** Opening EXERCISE MATERIALS block **

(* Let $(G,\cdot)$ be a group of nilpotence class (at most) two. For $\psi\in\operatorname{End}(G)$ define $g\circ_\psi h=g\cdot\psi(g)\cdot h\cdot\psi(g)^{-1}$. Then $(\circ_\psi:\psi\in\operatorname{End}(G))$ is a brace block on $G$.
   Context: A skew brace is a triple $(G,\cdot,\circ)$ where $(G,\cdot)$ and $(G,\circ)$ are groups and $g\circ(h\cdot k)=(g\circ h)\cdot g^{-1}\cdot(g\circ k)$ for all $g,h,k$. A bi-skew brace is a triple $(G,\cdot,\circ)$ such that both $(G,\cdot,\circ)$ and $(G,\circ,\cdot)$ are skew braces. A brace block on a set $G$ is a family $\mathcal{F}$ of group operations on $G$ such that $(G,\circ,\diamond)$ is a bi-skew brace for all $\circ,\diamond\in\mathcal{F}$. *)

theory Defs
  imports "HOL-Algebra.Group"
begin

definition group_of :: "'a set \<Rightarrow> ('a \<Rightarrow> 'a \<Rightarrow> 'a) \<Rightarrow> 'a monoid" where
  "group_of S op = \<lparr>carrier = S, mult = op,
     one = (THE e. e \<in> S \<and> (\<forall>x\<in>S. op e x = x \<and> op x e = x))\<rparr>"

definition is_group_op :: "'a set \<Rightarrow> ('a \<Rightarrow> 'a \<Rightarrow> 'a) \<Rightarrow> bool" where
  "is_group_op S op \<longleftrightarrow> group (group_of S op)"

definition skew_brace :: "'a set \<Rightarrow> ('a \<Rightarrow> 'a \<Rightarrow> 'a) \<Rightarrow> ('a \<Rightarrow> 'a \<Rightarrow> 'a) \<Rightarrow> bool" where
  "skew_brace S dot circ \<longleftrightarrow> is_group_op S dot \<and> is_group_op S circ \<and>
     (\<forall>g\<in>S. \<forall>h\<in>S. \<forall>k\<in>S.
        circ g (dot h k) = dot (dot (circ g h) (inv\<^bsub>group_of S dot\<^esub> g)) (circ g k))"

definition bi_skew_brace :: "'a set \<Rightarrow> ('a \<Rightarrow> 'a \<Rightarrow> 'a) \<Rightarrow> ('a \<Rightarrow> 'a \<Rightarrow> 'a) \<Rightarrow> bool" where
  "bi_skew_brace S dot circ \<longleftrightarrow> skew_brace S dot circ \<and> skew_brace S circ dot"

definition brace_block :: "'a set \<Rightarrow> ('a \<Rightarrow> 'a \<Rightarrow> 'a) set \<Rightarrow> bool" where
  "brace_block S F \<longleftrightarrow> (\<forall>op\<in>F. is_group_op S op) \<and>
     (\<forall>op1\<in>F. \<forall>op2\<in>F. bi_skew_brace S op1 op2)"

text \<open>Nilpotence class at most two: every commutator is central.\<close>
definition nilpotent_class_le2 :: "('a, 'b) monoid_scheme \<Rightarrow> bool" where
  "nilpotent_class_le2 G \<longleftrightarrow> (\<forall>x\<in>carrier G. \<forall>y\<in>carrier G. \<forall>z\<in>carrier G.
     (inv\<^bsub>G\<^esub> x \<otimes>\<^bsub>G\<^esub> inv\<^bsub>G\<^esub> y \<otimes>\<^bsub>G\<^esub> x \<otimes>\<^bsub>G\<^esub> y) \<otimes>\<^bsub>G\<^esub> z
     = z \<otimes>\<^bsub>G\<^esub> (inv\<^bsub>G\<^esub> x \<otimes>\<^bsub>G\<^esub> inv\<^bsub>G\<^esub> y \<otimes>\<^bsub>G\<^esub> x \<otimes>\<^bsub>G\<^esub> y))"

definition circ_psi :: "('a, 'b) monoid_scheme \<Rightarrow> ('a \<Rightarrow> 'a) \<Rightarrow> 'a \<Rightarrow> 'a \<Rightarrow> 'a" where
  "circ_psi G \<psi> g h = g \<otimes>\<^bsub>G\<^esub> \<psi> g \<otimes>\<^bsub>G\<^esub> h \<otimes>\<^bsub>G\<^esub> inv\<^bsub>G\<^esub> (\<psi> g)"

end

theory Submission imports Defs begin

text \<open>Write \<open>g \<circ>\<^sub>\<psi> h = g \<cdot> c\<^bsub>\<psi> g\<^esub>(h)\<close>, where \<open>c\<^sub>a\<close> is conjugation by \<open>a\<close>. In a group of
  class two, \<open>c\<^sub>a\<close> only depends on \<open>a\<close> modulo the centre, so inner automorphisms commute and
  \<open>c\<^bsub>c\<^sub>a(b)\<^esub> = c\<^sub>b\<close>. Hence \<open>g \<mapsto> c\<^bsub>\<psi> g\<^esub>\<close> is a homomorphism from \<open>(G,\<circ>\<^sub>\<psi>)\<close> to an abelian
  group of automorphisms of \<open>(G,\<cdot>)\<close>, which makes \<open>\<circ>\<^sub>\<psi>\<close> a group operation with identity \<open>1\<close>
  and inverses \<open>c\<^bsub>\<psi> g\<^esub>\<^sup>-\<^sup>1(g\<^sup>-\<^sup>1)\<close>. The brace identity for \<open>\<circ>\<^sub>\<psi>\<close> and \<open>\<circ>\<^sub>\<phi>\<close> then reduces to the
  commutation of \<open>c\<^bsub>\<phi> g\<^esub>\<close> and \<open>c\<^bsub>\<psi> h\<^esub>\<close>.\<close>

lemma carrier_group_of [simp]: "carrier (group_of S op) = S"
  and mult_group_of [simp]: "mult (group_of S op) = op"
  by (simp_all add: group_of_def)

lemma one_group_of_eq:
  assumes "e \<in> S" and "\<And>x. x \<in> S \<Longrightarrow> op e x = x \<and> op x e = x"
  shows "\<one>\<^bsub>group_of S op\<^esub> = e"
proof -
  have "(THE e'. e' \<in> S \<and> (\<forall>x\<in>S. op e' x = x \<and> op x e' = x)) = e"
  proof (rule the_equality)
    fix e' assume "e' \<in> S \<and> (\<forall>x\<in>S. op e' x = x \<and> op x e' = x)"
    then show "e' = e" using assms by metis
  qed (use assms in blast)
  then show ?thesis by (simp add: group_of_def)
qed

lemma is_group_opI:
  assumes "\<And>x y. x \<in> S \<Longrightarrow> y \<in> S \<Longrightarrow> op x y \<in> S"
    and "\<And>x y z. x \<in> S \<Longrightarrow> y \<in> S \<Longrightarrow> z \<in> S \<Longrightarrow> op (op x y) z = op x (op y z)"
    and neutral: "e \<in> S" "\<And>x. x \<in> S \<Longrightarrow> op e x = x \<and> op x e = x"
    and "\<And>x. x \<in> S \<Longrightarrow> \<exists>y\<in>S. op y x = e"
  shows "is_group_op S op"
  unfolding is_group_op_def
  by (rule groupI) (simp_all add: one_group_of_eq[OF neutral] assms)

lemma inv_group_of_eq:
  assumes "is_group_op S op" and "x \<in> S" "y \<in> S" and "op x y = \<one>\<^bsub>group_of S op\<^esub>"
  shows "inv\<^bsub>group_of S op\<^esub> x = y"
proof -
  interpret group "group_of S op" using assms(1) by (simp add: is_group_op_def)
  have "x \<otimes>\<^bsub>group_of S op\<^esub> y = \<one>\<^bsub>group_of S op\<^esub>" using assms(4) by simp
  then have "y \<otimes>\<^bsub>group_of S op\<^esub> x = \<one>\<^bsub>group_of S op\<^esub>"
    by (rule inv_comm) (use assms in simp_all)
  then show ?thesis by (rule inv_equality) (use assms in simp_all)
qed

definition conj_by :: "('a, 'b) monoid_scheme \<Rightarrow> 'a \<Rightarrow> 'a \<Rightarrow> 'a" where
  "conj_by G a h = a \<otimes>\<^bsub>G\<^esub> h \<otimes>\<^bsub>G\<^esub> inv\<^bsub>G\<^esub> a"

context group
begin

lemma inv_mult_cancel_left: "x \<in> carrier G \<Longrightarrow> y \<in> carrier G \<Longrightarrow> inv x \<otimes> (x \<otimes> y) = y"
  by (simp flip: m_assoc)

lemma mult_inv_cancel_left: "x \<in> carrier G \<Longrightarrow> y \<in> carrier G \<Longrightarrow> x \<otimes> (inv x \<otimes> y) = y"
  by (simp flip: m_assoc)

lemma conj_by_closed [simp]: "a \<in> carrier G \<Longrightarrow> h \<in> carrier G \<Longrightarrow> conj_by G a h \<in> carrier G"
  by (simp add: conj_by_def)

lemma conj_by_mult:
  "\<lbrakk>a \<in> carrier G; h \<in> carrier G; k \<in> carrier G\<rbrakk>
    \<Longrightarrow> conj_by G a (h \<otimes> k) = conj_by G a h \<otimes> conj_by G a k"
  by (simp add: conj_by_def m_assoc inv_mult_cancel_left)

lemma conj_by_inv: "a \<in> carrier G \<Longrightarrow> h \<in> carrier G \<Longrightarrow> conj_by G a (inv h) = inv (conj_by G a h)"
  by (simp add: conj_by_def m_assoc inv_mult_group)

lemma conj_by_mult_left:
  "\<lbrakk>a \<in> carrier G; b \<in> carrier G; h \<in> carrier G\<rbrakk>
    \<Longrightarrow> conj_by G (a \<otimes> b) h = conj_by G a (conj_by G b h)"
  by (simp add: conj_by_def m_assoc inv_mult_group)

** Closing EXERCISE MATERIALS block **

Which lines above include "imports"? Show each of them by copying it.

  imports "HOL-Algebra.Group"
theory Submission imports Defs begin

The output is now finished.